(* Let $p$ be a prime, $d\in\mathbb{N}_{+}$, $V$ a subspace of $\mathbb{F}_{p}^{d}$, and $V_{1},\dots,V_{N}$ linearly independent subspaces of $\mathbb{F}_{p}^{d}$. If $N\geq\dim(V)+2$, then $\bigcap_{i=1}^{N}(V+V_{i})=V$.
   Context: Subspaces $V_{1},\dots,V_{N}$ are linearly independent if whenever $v_{i}\in V_{i}$ and $\sum_{i}v_{i}=\mathbf0$, all $v_{i}=\mathbf0$. *)

theory Defs
  imports "HOL-Analysis.Analysis"
begin

definition subspace_plus :: "('a::field ^ 'd) set \<Rightarrow> ('a ^ 'd) set \<Rightarrow> ('a ^ 'd) set" where
  "subspace_plus V W = {v + w | v w. v \<in> V \<and> w \<in> W}"

definition lin_indep_subspaces :: "nat \<Rightarrow> (nat \<Rightarrow> ('a::field ^ 'd) set) \<Rightarrow> bool" where
  "lin_indep_subspaces N Vs \<longleftrightarrow>
     (\<forall>v. (\<forall>i\<in>{1..N}. v i \<in> Vs i) \<and> (\<Sum>i=1..N. v i) = 0 \<longrightarrow> (\<forall>i\<in>{1..N}. v i = 0))"

end

theory Submission
  imports Defs
begin

text \<open>Write \<open>x \<in> \<Inter>\<^sub>i (V + V\<^sub>i)\<close> as \<open>x = u\<^sub>i + w\<^sub>i\<close> with \<open>u\<^sub>i \<in> V\<close>, \<open>w\<^sub>i \<in> V\<^sub>i\<close>. Fixing an
  index \<open>k\<close>, the \<open>N - 1 > dim V\<close> differences \<open>w\<^sub>i - w\<^sub>k = u\<^sub>k - u\<^sub>i\<close> lie in \<open>V\<close>, so some
  nontrivial combination \<open>\<Sum>\<^sub>i c\<^sub>i (w\<^sub>i - w\<^sub>k)\<close> vanishes. Read as a vanishing sum of elements
  of the independent subspaces \<open>V\<^sub>i\<close>, it forces \<open>c\<^sub>i w\<^sub>i = 0\<close>; for an \<open>i\<close> with \<open>c\<^sub>i \<noteq> 0\<close> this
  gives \<open>w\<^sub>i = 0\<close>, hence \<open>x = u\<^sub>i \<in> V\<close>.\<close>

lemma (in finite_dimensional_vector_space) nontrivial_relation_card_gt_dim:
  assumes "finite I" and "z ` I \<subseteq> V" and "dim V < card I"
  shows "\<exists>c. (\<Sum>i\<in>I. scale (c i) (z i)) = 0 \<and> (\<exists>i\<in>I. c i \<noteq> 0)"
proof (cases "inj_on z I")
  case False
  then obtain i j where ij: "i \<in> I" "j \<in> I" "i \<noteq> j" "z i = z j"
    unfolding inj_on_def by blast
  define c :: "_ \<Rightarrow> 'a" where "c k = (if k = i then 1 else if k = j then -1 else 0)" for k
  have "(\<Sum>k\<in>I. scale (c k) (z k)) = (\<Sum>k\<in>I. if k = i then z i else 0) - (\<Sum>k\<in>I. if k = j then z j else 0)"
    unfolding sum_subtractf[symmetric] using ij by (intro sum.cong) (auto simp: c_def)
  also have "\<dots> = 0"
    using ij \<open>finite I\<close> by simp
  finally show ?thesis
    using ij by (intro exI[of _ c]) (auto simp: c_def)
next
  case True
  then have "card (z ` I) = card I"
    by (rule card_image)
  then have "dependent (z ` I)"
    using independent_card_le_dim[OF \<open>z ` I \<subseteq> V\<close>] \<open>dim V < card I\<close> by fastforce
  then obtain u where u: "(\<Sum>v\<in>z ` I. scale (u v) v) = 0" and "\<exists>v\<in>z ` I. u v \<noteq> 0"
    using dependent_finite[OF finite_imageI[OF \<open>finite I\<close>]] by blast
  have "(\<Sum>i\<in>I. scale (u (z i)) (z i)) = 0"
    using u by (simp add: sum.reindex[OF True])
  moreover have "\<exists>i\<in>I. u (z i) \<noteq> 0"
    using \<open>\<exists>v\<in>z ` I. u v \<noteq> 0\<close> by blast
  ultimately show ?thesis
    by (intro exI[of _ "\<lambda>i. u (z i)"]) simp
qed

lemma lin_indep_subspacesD:
  assumes "lin_indep_subspaces N Vs" and "\<forall>i\<in>{1..N}. v i \<in> Vs i"
    and "(\<Sum>i\<in>{1..N}. v i) = 0" and "i \<in> {1..N}"
  shows "v i = 0"
  using assms unfolding lin_indep_subspaces_def by blast

lemma lin_indep_subspaces_relation_of_differences:
  fixes w :: "nat \<Rightarrow> 'a::field ^ 'd"
  assumes indep: "lin_indep_subspaces N Vs"
    and subspaces: "\<forall>i\<in>{1..N}. vec.subspace (Vs i)"
    and w: "\<forall>i\<in>{1..N}. w i \<in> Vs i"
    and k: "k \<in> {1..N}"
    and relation: "(\<Sum>i\<in>{1..N} - {k}. c i *s (w i - w k)) = 0"
    and j: "j \<in> {1..N} - {k}"
  shows "c j *s w j = 0"
proof -
  define a where "a = c(k := - (\<Sum>i\<in>{1..N} - {k}. c i))"
  have "(\<Sum>i\<in>{1..N}. a i *s w i) = a k *s w k + (\<Sum>i\<in>{1..N} - {k}. a i *s w i)"
    using k by (simp add: sum.remove)
  also have "\<dots> = (\<Sum>i\<in>{1..N} - {k}. c i *s (w i - w k))"
    by (simp add: a_def vec.scale_sum_left vec.scale_right_diff_distrib sum_subtractf)
  finally have "(\<Sum>i\<in>{1..N}. a i *s w i) = 0"
    using relation by simp
  moreover have "\<forall>i\<in>{1..N}. a i *s w i \<in> Vs i"
    using subspaces w by (auto intro: vec.subspace_scale)
  ultimately have "a j *s w j = 0"
    using j by (intro lin_indep_subspacesD[OF indep, of "\<lambda>i. a i *s w i"]) auto
  then show ?thesis
    using j by (simp add: a_def)
qed

lemma subset_subspace_plus:
  assumes "vec.subspace W"
  shows "V \<subseteq> subspace_plus V W"
  using vec.subspace_0[OF assms] unfolding subspace_plus_def by force

lemma Inter_subspace_plus_subset:
  fixes V :: "('a::field ^ 'd) set"
  assumes V: "vec.subspace V"
    and subspaces: "\<forall>i\<in>{1..N}. vec.subspace (Vs i)"
    and indep: "lin_indep_subspaces N Vs"
    and N: "N \<ge> vec.dim V + 2"
  shows "(\<Inter>i\<in>{1..N}. subspace_plus V (Vs i)) \<subseteq> V"
proof
  fix x
  assume "x \<in> (\<Inter>i\<in>{1..N}. subspace_plus V (Vs i))"
  then have "\<forall>i\<in>{1..N}. \<exists>u w. x = u + w \<and> u \<in> V \<and> w \<in> Vs i"
    unfolding subspace_plus_def by blast
  then obtain u w where uw: "\<And>i. i \<in> {1..N} \<Longrightarrow> x = u i + w i \<and> u i \<in> V \<and> w i \<in> Vs i"
    by metis
  define I where "I = {1..N} - {1::nat}"
  have one: "1 \<in> {1..N}"
    using N by simp
  have differences_in_V: "(\<lambda>i. w i - w 1) ` I \<subseteq> V"
  proof clarify
    fix i
    assume "i \<in> I"
    then have "w i - w 1 = u 1 - u i"
      using uw[of i] uw[OF one] unfolding I_def by (simp add: algebra_simps)
    then show "w i - w 1 \<in> V"
      using \<open>i \<in> I\<close> uw[of i] uw[OF one] vec.subspace_diff[OF V] unfolding I_def by auto
  qed
  have "finite I" and "vec.dim V < card I"
    using N by (simp_all add: I_def)
  then obtain c j where relation: "(\<Sum>i\<in>I. c i *s (w i - w 1)) = 0"
    and j: "j \<in> I" "c j \<noteq> 0"
    using vec.nontrivial_relation_card_gt_dim[OF _ differences_in_V] by blast
  have "c j *s w j = 0"
    using lin_indep_subspaces_relation_of_differences[OF indep subspaces _ one] uw relation j
    unfolding I_def by blast
  then have "w j = 0"
    using j(2) by simp
  then show "x \<in> V"
    using uw[of j] j(1) unfolding I_def by auto
qed

theorem proposition3p3:
  fixes p :: nat and V :: "('a::field ^ 'd) set" and Vs :: "nat \<Rightarrow> ('a ^ 'd) set" and N :: nat
  assumes "prime p" and "CARD('a) = p"
    and "vec.subspace V"
    and "\<forall>i\<in>{1..N}. vec.subspace (Vs i)"
    and "lin_indep_subspaces N Vs"
    and "N \<ge> vec.dim V + 2"
  shows "(\<Inter>i\<in>{1..N}. subspace_plus V (Vs i)) = V"
proof
  show "(\<Inter>i\<in>{1..N}. subspace_plus V (Vs i)) \<subseteq> V"
    using Inter_subspace_plus_subset assms(3-6) .
  show "V \<subseteq> (\<Inter>i\<in>{1..N}. subspace_plus V (Vs i))"
    using subset_subspace_plus assms(4) by (meson INT_greatest)
qed

end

#####

--- Work to be completed ---
Show the lines from the data above that contain the string "imports".

--- Task solution ---
  imports "HOL-Analysis.Analysis"
  imports Defs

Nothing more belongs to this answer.